The multitask learning is the key innovation of OFA. Specifically, we pretrain the model with 8 tasks, including 5 vision-language tasks, 2 vision tasks, and 1 language task. The vision-language tasks include visual grounding, grounded captioning, visual question answering, image-text matching, and image captioning. The vision tasks include detection and image infilling. The language task is text infilling. To help the model differentiate tasks, we insert an instruction, which is simply a piece of text describing the task. Thus, we expect the model to perform zero-shot generation based on a new instruction indicating an unseen task.

To make this research as reproducible as possible, our pretraining is dependent on public datasets. Therefore, we expect the researchers following this work can reproduce our results with our opensourced code.
We have released OFA models of 5 sizes, including OFA-Tiny (33M), OFA-Medium (93M), OFA-Base (180M), OFA-Large(470M), OFA-Huge (930M). See the table below for more statistics.

Experiments
We have conducted experiments on multiple cross-modal tasks and unimodal tasks. On vision-language understanding, we test the models on VQA and SNLI-VE. We find that the huge-size model can achieve a comparable performance to the 80B-parameter model Flamingo and the 2B-parameter model CoCa pretrained on 5B image-text pairs. Furthermore, we achieve the best performance on visual entailment. For vision-language generation, we focus on the classical image captioning, and our OFA achieves the SoTA performance in both setups of cross-entropy optimization and CIDEr optimization. Also, we have transformed the task of visual grounding to a generation task, and we find that even the base-size OFA can outperform the previous SoTA, and the scaling of model size consistently brings performance improvements. This shows the significance of the unification of modalities and tasks.



Additionally, we test OFA on text-to-image generation, as we believe that the image infilling task in pretraining endows it with the capability to generate image codes. We show that OFA can achieve a low FID score in the evaluation, and further finetuning on a larger dataset can significantly boost its performance. See cases below.


As to the unimodal tasks, we evaluate OFA on the GLUE benchmark for NLU, Gigaword summarization for NLG, and ImageNet classification for vision understanding. We show that OFA can be competitive with both RoBERTa and DeBERTa, and the previous multimodal pretrained model often falls far behind the SoTAs in NLU. Similarly, OFA can achieve good performance on NLG and outperform the previous best models. As to image classification, it can also achieve similar performance with the self-supervised vision models like BeiT and MAE.
We observe that OFA based on multitask pretraining demonstrates potential in transferring to unseen tasks and unseen domains. We show them with two cases below.

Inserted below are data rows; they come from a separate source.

lemma abs_sum_moebius_divisors_le_1:
  fixes N :: nat and x :: real assumes "x \<ge> 1"
  shows "\<bar>\<Sum>n\<in>{n. n dvd N \<and> real n \<le> x}. moebius_mu n / real n\<bar> \<le> 1"
proof -
  define P where "P = \<Prod>{p. prime p \<and> p \<le> nat \<lfloor>x\<rfloor> \<and> \<not> p dvd N}"
  define f where "f n = moebius_mu n / real n" for n
  let ?A = "{n. n dvd N \<and> real n \<le> x}" and ?C = "{n. 1 \<le> n \<and> real n \<le> x \<and> coprime n P}"
  have restrict: "sum f S = sum f {n \<in> S. squarefree n}" if "S \<subseteq> {n. real n \<le> x}" for S
    using that finite_of_nat_le[of x]
    by (intro sum.mono_neutral_right) (auto simp: f_def moebius_mu_def intro: finite_subset)
  have "sum f ?A = sum f {n \<in> ?A. squarefree n}" by (rule restrict) auto
  also have "{n \<in> ?A. squarefree n} = {n \<in> ?C. squarefree n}"
    using squarefree_dvd_iff_coprime_prod_primes[of _ "nat \<lfloor>x\<rfloor>" N] le_nat_floor[of _ x]
    by (auto simp: P_def Suc_le_eq squarefree_gt_0)
  also have "sum f \<dots> = sum f ?C" by (rule restrict[symmetric]) auto
  finally have "sum f ?A = sum f ?C" .
  then show ?thesis using abs_sum_moebius_coprime_le_1[OF assms, of P] by (simp add: f_def)
qed
(* Let $\epsilon > 0$ be a sufficiently small universal constant. For every $G \in \mathcal{G}_{2n}$, the number of graphs in $\mathcal{G}_{2n}$ that are $(1\pm3\epsilon)$-cut sparsifiers of $G$ is at most $2^{n^2/4}$.
   Context: Fix disjoint vertex sets $L,R$ with $|L|=|R|=n$ and a fixed perfect matching $M$ of directed edges from $L$ to $R$. $\mathcal{G}_{2n}$ is the set of all unweighted directed graphs on vertex set $V=L\cup R$ whose set of edges from $L$ to $R$ is exactly $M$, whose edges from $R$ to $L$ form an arbitrary subset of $R\times L$, and which have no other edges. For directed graphs $G,H$ on the same vertex set $V$, $H$ is a $(1\pm\delta)$-cut sparsifier of $G$ if for all $S\subseteq V$, $(1-\delta)w_G(S,V\setminus S)\le w_H(S,V\setminus S)\le(1+\delta)w_G(S,V\setminus S)$, where $w_G(S,T)$ is the total weight (here, number) of edges of $G$ from $S$ to $T$. *)

theory Defs
  imports Complex_Main
begin

definition cut_weight :: "(nat \<times> nat) set \<Rightarrow> nat set \<Rightarrow> nat set \<Rightarrow> nat" where
  "cut_weight E S T = card {e \<in> E. fst e \<in> S \<and> snd e \<in> T}"

definition is_cut_sparsifier :: "nat set \<Rightarrow> real \<Rightarrow> (nat \<times> nat) set \<Rightarrow> (nat \<times> nat) set \<Rightarrow> bool" where
  "is_cut_sparsifier V \<delta> G H \<longleftrightarrow>
     (\<forall>S. S \<subseteq> V \<longrightarrow>
        (1 - \<delta>) * real (cut_weight G S (V - S)) \<le> real (cut_weight H S (V - S)) \<and>
        real (cut_weight H S (V - S)) \<le> (1 + \<delta>) * real (cut_weight G S (V - S)))"

definition perfect_matching :: "nat set \<Rightarrow> nat set \<Rightarrow> (nat \<times> nat) set \<Rightarrow> bool" where
  "perfect_matching L R M \<longleftrightarrow> M \<subseteq> L \<times> R \<and>
     (\<forall>l\<in>L. \<exists>!r. (l, r) \<in> M) \<and> (\<forall>r\<in>R. \<exists>!l. (l, r) \<in> M)"

text \<open>The class G_{2n}: L-to-R edges exactly M, R-to-L edges arbitrary, nothing else.\<close>
definition graph_class :: "nat set \<Rightarrow> nat set \<Rightarrow> (nat \<times> nat) set \<Rightarrow> (nat \<times> nat) set set" where
  "graph_class L R M = {E. \<exists>B. B \<subseteq> R \<times> L \<and> E = M \<union> B}"

end

theory Submission
  imports Defs "HOL-Library.FuncSet"
begin
lemma facewise_congruent_top_motion:
  assumes dc: "dual_convex m n F" and cong: "\<forall>i<m. \<forall>j<n. face_congruent F G i j"
  defines "a \<equiv> top_rotation F G" and "b \<equiv> top_translation F G"
  shows "cmod a = 1 \<and> top_motion_on a b F G ({..m} \<times> {..n})"
proof -
  have mn: "2 \<le> m" "2 \<le> n"
    using dc unfolding dual_convex_def by simp_all
  have propagate: "cmod a = 1 \<and> top_motion_on a b F G (face_corners i j)"
    if "i < m" "j < n" "p \<in> face_corners i j" "q \<in> face_corners i j" "p \<noteq> q"
      "top_motion_on a b F G {p, q}" for i j p q
    by (rule face_congruent_top_motion[OF cong[rule_format, OF that(1,2)]
          dual_convex_inj_on_face_corners[OF dc that(1,2)] that(3-6)])
  have face00: "cmod a = 1 \<and> top_motion_on a b F G (face_corners 0 0)"
    using propagate[of 0 0 "(0, 0)" "(1, 0)"] mn
      top_motion_on_first_edge[of F G, OF dual_convex_top_view_first_edge[OF dc]]
    unfolding a_def b_def by (simp add: face_corners_def)
  have step_j: "top_motion_on a b F G (face_corners i (Suc j))"
    if "top_motion_on a b F G (face_corners i j)" "i < m" "Suc j < n" for i j
    using propagate[of i "Suc j" "(i, Suc j)" "(Suc i, Suc j)"] that(2,3)
      top_motion_on_subset[OF that(1), of "{(i, Suc j), (Suc i, Suc j)}"]
    by (simp add: face_corners_def)
  have step_i: "top_motion_on a b F G (face_corners (Suc i) j)"
    if "top_motion_on a b F G (face_corners i j)" "Suc i < m" "j < n" for i j
    using propagate[of "Suc i" j "(Suc i, j)" "(Suc i, Suc j)"] that(2,3)
      top_motion_on_subset[OF that(1), of "{(Suc i, j), (Suc i, Suc j)}"]
    by (simp add: face_corners_def)
  have faces: "top_motion_on a b F G (face_corners i j)" if "i < m" "j < n" for i j
    by (rule face_grid_induct[OF that]) (use face00 step_j step_i in blast)+
  have "top_motion_on a b F G {(k, l)}" if "k \<le> m" "l \<le> n" for k l
  proof (rule top_motion_on_subset)
    show "top_motion_on a b F G (face_corners (min k (m - 1)) (min l (n - 1)))"
      using faces mn by simp
    show "{(k, l)} \<subseteq> face_corners (min k (m - 1)) (min l (n - 1))"
      using that mn by (auto simp: face_corners_def min_def)
  qed
  then have "top_motion_on a b F G ({..m} \<times> {..n})"
    unfolding top_motion_on_def by auto
  then show ?thesis
    using face00 by blast
qed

The preceding case demonstrates the model’s ability of compositional generalization by understanding the instruction and leveraging two learned capabilities to perform the new task. We set up a new task called Grounded VQA, which is a combination of VQA and grounded captioning. What we need to change is the instruction. The new task instruction with both question and region information directs the model to provide a correct answer.

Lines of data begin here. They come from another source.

lemma inner_content_Un:
  assumes "open U" "open V"
  shows "inner_content (U \<union> V) \<le> inner_content U + inner_content V"
  unfolding inner_content_def[of "U \<union> V"]
proof (rule SUP_least)
  fix f assume "f \<in> {f. subordinate f (U \<union> V)}"
  then have "subordinate f (U \<union> V)" by simp
  then obtain f1 f2 where f1: "subordinate f1 U" and f2: "subordinate f2 V"
    and f: "f = (\<lambda>x. f1 x + f2 x)"
    using assms by (rule subordinate_split)
  have "L f = L f1 + L f2"
    using f1 f2 unfolding f subordinate_def by (intro L_add) auto
  moreover have "0 \<le> L f1" "0 \<le> L f2"
    using f1 f2 unfolding subordinate_def by (auto intro!: L_nonneg)
  ultimately have "ennreal (L f) = ennreal (L f1) + ennreal (L f2)"
    by (simp add: ennreal_plus)
  also have "\<dots> \<le> inner_content U + inner_content V"
    using f1 f2 by (intro add_mono subordinate_le_inner_content)
  finally show "ennreal (L f) \<le> inner_content U + inner_content V" .
qed

lemma inner_content_finite_UN:
  assumes "\<And>i. open (U i)"
  shows "inner_content (\<Union>i<(n::nat). U i) \<le> (\<Sum>i<n. inner_content (U i))"
proof (induction n)
  case 0
  then show ?case by (simp add: inner_content_empty)
next
  case (Suc n)
  have "inner_content (\<Union>i<Suc n. U i) = inner_content (U n \<union> (\<Union>i<n. U i))"
    by (simp add: lessThan_Suc)
  also have "\<dots> \<le> inner_content (U n) + inner_content (\<Union>i<n. U i)"
    using assms by (intro inner_content_Un) auto
  also have "\<dots> \<le> inner_content (U n) + (\<Sum>i<n. inner_content (U i))"
    using Suc by (rule add_left_mono)
  finally show ?case by (simp add: add.commute)
qed

text \<open>A function subordinate to \<open>\<Union>i. U i\<close> has compact support, hence is subordinate to
  finitely many of the \<open>U i\<close>.\<close>
lemma inner_content_UN:
  assumes U: "\<And>i. open (U i)"
  shows "inner_content (\<Union>i. U i) \<le> (\<Sum>i. inner_content (U i))"
  unfolding inner_content_def[of "\<Union>i. U i"]
proof (rule SUP_least)
  fix f assume "f \<in> {f. subordinate f (\<Union>i. U i)}"
  then obtain K where K: "closed K" "K \<subseteq> (\<Union>i. U i)" "\<And>x. x \<notin> K \<Longrightarrow> f x = 0"
    and f: "continuous_on UNIV f" "\<And>x. 0 \<le> f x \<and> f x \<le> 1"
    unfolding subordinate_def by blast
  have "compact K"
    using compact_Int_closed[OF compact_space K(1)] by simp
  then obtain I where "finite I" "K \<subseteq> (\<Union>i\<in>I. U i)"
    using compactE_image[of K UNIV U] U K(2) by (metis UNIV_I)
  moreover obtain n where "I \<subseteq> {..<n}"
    using finite_nat_bounded[OF \<open>finite I\<close>] by blast
  ultimately have "K \<subseteq> (\<Union>i<n. U i)"
    by blast
  then have "subordinate f (\<Union>i<n. U i)"
    unfolding subordinate_def using f K(1,3) by blast
  then have "ennreal (L f) \<le> inner_content (\<Union>i<n. U i)"
    by (rule subordinate_le_inner_content)
  also have "\<dots> \<le> (\<Sum>i<n. inner_content (U i))"
    using U by (rule inner_content_finite_UN)
  also have "\<dots> \<le> (\<Sum>i. inner_content (U i))"
    by (rule sum_le_suminf) auto
  finally show "ennreal (L f) \<le> (\<Sum>i. inner_content (U i))" .
qed

lemma outer_content_le_inner_content: "open U \<Longrightarrow> A \<subseteq> U \<Longrightarrow> outer_content A \<le> inner_content U"
  unfolding outer_content_def by (rule INF_lower) auto

lemma outer_content_open: "open U \<Longrightarrow> outer_content U = inner_content U"
  by (rule antisym[OF outer_content_le_inner_content])
    (auto simp: outer_content_def intro!: INF_greatest inner_content_mono)

lemma outer_content_mono: "A \<subseteq> B \<Longrightarrow> outer_content A \<le> outer_content B"
  unfolding outer_content_def by (rule INF_superset_mono) auto

lemma outer_content_le_1: "outer_content A \<le> 1"
  using outer_content_le_inner_content[of UNIV A] inner_content_UNIV by simp

lemma outer_content_empty: "outer_content {} = 0"
  using outer_content_le_inner_content[of "{}" "{}"] inner_content_empty by simp

lemma outer_content_UN: "outer_content (\<Union>i. A i) \<le> (\<Sum>i. outer_content (A i))"
proof (rule ennreal_le_epsilon)
  fix e :: real assume e: "0 < e"
  define \<delta> where "\<delta> i = e * (1/2) ^ Suc i" for i
  have "\<forall>i. \<exists>U. open U \<and> A i \<subseteq> U \<and> inner_content U < outer_content (A i) + ennreal (\<delta> i)"
  proof
    fix i
    have "outer_content (A i) \<noteq> \<infinity>"
      using outer_content_le_1[of "A i"] by (auto simp: top_unique)
    moreover have "0 < \<delta> i"
      using e by (simp add: \<delta>_def)
    ultimately have "outer_content (A i) + 0 < outer_content (A i) + ennreal (\<delta> i)"
      by (simp only: ennreal_add_left_cancel_less) simp
    then have "outer_content (A i) < outer_content (A i) + ennreal (\<delta> i)"
      by simp
    then show "\<exists>U. open U \<and> A i \<subseteq> U \<and> inner_content U < outer_content (A i) + ennreal (\<delta> i)"
      unfolding outer_content_def[of "A i"] by (simp add: INF_less_iff)
  qed
  then obtain U where "\<forall>i. open (U i) \<and> A i \<subseteq> U i \<and>
      inner_content (U i) < outer_content (A i) + ennreal (\<delta> i)"
    by (auto dest!: choice)
  then have U: "\<And>i. open (U i)" "\<And>i. A i \<subseteq> U i"
    "\<And>i. inner_content (U i) < outer_content (A i) + ennreal (\<delta> i)"
    by auto
  have "outer_content (\<Union>i. A i) \<le> inner_content (\<Union>i. U i)"
    using U(1,2) by (intro outer_content_le_inner_content) auto
  also have "\<dots> \<le> (\<Sum>i. inner_content (U i))"
    using U(1) by (rule inner_content_UN)
  also have "\<dots> \<le> (\<Sum>i. outer_content (A i) + ennreal (\<delta> i))"
    using U(3) by (intro suminf_le) (auto intro: less_imp_le)
  also have "\<dots> = (\<Sum>i. outer_content (A i)) + ennreal (\<Sum>i. \<delta> i)"
    using e by (simp add: suminf_add[symmetric] suminf_ennreal2 \<delta>_def
        summable_mult sums_summable[OF power_half_series])
  also have "(\<Sum>i. \<delta> i) = e"
    using sums_mult[OF power_half_series, of e] by (simp add: sums_iff \<delta>_def)
  finally show "outer_content (\<Union>i. A i) \<le> (\<Sum>i. outer_content (A i)) + ennreal e" .
qed

lemma outer_content_Un: "outer_content (A \<union> B) \<le> outer_content A + outer_content B"
proof -
  define C where "C i = (if i = 0 then A else if i = 1 then B else {})" for i :: nat
  have "A \<union> B = (\<Union>i. C i)"
    unfolding C_def by (auto split: if_splits)
  then have "outer_content (A \<union> B) \<le> (\<Sum>i. outer_content (C i))"
    using outer_content_UN by simp
  also have "(\<Sum>i. outer_content (C i)) = (\<Sum>i\<in>{0,1}. outer_content (C i))"
    by (rule suminf_finite) (auto simp: C_def outer_content_empty)
  also have "\<dots> = outer_content A + outer_content B"
    by (simp add: C_def)
  finally show ?thesis .
qed

lemma inner_content_add_complement:
  assumes U: "open U" and f: "subordinate f U" "closed K" "K \<subseteq> U" "\<And>x. x \<notin> K \<Longrightarrow> f x = 0"
  shows "ennreal (L f) + inner_content (U - K) \<le> inner_content U"
  unfolding inner_content_def[of "U - K"]
proof (subst ennreal_SUP_add_right)
  show "{g. subordinate g (U - K)} \<noteq> {}"
    using subordinate_zero by blast
  show "(SUP g\<in>{g. subordinate g (U - K)}. ennreal (L f) + ennreal (L g)) \<le> inner_content U"
  proof (rule SUP_least)
    fix g assume "g \<in> {g. subordinate g (U - K)}"
    then have g: "subordinate g (U - K)" by simp
    have "0 \<le> L f" "0 \<le> L g"
      using f(1) g unfolding subordinate_def by (auto intro!: L_nonneg)
    then have "ennreal (L f) + ennreal (L g) = ennreal (L (\<lambda>x. f x + g x))"
      using f(1) g unfolding subordinate_def by (simp add: L_add ennreal_plus)
    also have "\<dots> \<le> inner_content U"
      by (intro subordinate_le_inner_content subordinate_add[OF f g])
    finally show "ennreal (L f) + ennreal (L g) \<le> inner_content U" .
  qed
qed

text \<open>Together with subadditivity this makes open sets Caratheodory measurable.\<close>
lemma outer_content_split:
  assumes V: "open V"
  shows "outer_content (A \<inter> V) + outer_content (A - V) \<le> outer_content A"
  unfolding outer_content_def[of A]
proof (rule INF_greatest)
  fix U assume "U \<in> {U. open U \<and> A \<subseteq> U}"
  then have U: "open U" "A \<subseteq> U" by auto
  have "outer_content (A \<inter> V) + outer_content (A - V) \<le> inner_content (U \<inter> V) + outer_content (A - V)"
    using U V by (intro add_right_mono outer_content_le_inner_content) auto
  also have "\<dots> = (SUP f\<in>{f. subordinate f (U \<inter> V)}. ennreal (L f) + outer_content (A - V))"
    unfolding inner_content_def
    by (rule ennreal_SUP_add_left[symmetric]) (use subordinate_zero in blast)
  also have "\<dots> \<le> inner_content U"
  proof (rule SUP_least)
    fix f assume "f \<in> {f. subordinate f (U \<inter> V)}"
    then have f: "subordinate f (U \<inter> V)" by simp
    then obtain K where K: "closed K" "K \<subseteq> U \<inter> V" "\<And>x. x \<notin> K \<Longrightarrow> f x = 0"
      unfolding subordinate_def by blast
    have "subordinate f U"
      using f unfolding subordinate_def by blast
    have "outer_content (A - V) \<le> inner_content (U - K)"
      using U K by (intro outer_content_le_inner_content) (auto intro: open_Diff)
    then have "ennreal (L f) + outer_content (A - V) \<le> ennreal (L f) + inner_content (U - K)"
      by (rule add_left_mono)
    also have "\<dots> \<le> inner_content U"
      using U(1) \<open>subordinate f U\<close> K by (intro inner_content_add_complement) auto
    finally show "ennreal (L f) + outer_content (A - V) \<le> inner_content U" .
  qed
  finally show "outer_content (A \<inter> V) + outer_content (A - V) \<le> inner_content U" .
qed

Also, we find that OFA can transfer to unseen domains effectively. One example is the visual grounding on images of animation. OFA can perform well in this setup as it has been pretrained on some anime data and it has been pretrained on visual grounding on general-domain data. This again shows the compositional ability of the unified model.
Conclusion
This is the starting point of our research for the technically “One-For-All” model, or to say, the generalist model. We show that this research direction is promising as Transformer is a really powerful architecture and tasks and modalities can be unified to a single training framework. Like GPT-3, we believe that there will soon be a powerful foundation model in multimodal representation learning.